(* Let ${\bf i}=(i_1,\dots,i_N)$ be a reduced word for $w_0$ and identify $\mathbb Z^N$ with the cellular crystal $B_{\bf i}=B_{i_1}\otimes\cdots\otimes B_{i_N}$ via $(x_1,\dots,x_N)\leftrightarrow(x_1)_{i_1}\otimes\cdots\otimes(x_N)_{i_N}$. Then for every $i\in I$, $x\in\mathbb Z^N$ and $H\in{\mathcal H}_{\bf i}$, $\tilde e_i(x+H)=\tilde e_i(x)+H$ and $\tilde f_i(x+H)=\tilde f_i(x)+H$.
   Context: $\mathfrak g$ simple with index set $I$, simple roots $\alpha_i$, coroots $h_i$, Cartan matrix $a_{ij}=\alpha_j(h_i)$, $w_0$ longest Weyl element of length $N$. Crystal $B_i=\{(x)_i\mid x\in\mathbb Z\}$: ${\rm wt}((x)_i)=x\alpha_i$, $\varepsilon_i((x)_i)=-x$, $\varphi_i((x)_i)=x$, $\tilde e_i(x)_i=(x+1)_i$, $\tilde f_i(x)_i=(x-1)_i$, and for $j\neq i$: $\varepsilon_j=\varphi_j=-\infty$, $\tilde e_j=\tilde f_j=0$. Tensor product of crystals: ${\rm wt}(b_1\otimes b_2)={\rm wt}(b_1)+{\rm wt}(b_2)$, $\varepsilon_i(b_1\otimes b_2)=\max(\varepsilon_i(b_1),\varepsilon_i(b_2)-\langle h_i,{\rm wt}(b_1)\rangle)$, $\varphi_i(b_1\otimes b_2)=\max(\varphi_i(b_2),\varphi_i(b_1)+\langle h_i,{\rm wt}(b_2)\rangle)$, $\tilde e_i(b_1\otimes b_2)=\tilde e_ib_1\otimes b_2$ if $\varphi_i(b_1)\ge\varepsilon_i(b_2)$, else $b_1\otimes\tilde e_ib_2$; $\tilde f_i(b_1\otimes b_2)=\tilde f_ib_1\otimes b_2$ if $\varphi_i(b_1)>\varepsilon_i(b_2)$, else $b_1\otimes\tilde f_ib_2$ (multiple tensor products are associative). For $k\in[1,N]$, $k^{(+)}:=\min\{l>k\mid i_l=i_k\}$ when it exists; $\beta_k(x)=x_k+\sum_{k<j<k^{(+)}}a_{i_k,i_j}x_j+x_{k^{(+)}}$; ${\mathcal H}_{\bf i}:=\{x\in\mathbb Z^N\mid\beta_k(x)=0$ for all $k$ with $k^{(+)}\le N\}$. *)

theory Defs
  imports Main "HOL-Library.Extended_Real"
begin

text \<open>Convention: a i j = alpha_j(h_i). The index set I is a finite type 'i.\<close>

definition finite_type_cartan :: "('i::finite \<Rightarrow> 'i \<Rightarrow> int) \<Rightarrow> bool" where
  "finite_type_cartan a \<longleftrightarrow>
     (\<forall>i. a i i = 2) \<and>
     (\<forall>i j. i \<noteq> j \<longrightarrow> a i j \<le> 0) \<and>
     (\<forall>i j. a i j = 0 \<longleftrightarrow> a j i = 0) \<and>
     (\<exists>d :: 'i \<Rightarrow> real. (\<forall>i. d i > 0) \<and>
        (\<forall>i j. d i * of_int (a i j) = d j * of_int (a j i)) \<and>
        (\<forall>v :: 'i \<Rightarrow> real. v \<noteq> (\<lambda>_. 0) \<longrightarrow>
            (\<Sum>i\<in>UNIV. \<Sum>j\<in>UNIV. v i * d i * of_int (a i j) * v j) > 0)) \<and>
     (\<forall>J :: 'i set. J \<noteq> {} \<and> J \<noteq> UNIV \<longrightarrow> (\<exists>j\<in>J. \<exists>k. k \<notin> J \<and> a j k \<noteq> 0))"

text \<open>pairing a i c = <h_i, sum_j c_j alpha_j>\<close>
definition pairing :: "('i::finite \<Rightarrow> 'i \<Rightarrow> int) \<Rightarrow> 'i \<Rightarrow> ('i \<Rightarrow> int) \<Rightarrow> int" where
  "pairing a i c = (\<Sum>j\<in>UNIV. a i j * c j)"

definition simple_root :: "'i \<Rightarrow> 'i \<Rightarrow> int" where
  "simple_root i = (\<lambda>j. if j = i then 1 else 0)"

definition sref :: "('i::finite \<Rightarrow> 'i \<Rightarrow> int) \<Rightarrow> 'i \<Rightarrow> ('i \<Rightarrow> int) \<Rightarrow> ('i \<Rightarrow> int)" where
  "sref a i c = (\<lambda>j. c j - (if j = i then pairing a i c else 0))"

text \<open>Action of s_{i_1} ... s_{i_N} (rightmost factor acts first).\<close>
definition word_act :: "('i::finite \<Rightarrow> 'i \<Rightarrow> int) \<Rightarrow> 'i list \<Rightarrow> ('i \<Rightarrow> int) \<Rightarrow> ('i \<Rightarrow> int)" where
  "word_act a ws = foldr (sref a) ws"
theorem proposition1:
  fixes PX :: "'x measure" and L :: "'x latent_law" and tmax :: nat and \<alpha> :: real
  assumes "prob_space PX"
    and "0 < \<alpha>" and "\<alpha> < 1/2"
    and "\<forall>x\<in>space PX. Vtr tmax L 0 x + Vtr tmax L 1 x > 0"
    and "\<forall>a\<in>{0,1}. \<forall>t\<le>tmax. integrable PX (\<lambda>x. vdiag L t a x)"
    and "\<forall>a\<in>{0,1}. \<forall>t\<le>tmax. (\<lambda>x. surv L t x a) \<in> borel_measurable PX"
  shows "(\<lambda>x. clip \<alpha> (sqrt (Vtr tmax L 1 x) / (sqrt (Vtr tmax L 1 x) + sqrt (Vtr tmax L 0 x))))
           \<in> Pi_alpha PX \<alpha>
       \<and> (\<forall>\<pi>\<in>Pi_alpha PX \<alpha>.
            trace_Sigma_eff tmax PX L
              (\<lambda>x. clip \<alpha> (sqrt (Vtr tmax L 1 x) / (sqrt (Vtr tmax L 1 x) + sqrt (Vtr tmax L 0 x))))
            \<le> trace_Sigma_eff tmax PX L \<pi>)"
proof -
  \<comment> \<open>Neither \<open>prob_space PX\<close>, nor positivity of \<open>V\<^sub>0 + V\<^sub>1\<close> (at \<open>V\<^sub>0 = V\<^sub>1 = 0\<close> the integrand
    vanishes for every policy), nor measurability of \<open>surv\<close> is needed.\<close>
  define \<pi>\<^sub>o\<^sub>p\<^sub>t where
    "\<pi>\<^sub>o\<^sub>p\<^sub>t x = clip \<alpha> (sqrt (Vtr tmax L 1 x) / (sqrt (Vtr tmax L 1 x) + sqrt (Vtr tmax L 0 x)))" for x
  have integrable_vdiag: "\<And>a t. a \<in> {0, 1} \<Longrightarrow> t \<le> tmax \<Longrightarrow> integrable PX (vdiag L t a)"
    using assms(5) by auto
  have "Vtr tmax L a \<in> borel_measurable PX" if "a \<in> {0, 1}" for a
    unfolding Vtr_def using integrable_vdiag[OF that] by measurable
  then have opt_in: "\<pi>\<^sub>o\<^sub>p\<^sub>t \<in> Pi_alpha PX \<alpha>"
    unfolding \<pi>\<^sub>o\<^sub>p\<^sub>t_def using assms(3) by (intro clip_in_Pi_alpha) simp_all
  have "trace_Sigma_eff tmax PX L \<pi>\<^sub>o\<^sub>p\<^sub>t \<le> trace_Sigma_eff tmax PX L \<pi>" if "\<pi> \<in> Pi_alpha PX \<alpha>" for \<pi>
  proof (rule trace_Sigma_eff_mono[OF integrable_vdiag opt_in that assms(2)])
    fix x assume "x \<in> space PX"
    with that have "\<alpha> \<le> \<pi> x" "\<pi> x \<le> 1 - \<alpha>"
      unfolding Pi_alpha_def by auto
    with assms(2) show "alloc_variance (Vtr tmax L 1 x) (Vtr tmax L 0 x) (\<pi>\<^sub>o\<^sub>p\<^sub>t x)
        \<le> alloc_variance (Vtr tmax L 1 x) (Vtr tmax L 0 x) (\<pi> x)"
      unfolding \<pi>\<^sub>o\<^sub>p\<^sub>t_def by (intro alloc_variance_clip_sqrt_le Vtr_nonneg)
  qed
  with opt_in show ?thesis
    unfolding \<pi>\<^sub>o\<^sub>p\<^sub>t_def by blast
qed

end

----------

### YOUR OBJECTIVE
All lines with the word "definition" are needed; pull them from the entries and copy each.

### EXERCISE RESPONSE
definition finite_type_cartan :: "('i::finite \<Rightarrow> 'i \<Rightarrow> int) \<Rightarrow> bool" where
definition pairing :: "('i::finite \<Rightarrow> 'i \<Rightarrow> int) \<Rightarrow> 'i \<Rightarrow> ('i \<Rightarrow> int) \<Rightarrow> int" where
definition simple_root :: "'i \<Rightarrow> 'i \<Rightarrow> int" where
definition sref :: "('i::finite \<Rightarrow> 'i \<Rightarrow> int) \<Rightarrow> 'i \<Rightarrow> ('i \<Rightarrow> int) \<Rightarrow> ('i \<Rightarrow> int)" where
definition word_act :: "('i::finite \<Rightarrow> 'i \<Rightarrow> int) \<Rightarrow> 'i list \<Rightarrow> ('i \<Rightarrow> int) \<Rightarrow> ('i \<Rightarrow> int)" where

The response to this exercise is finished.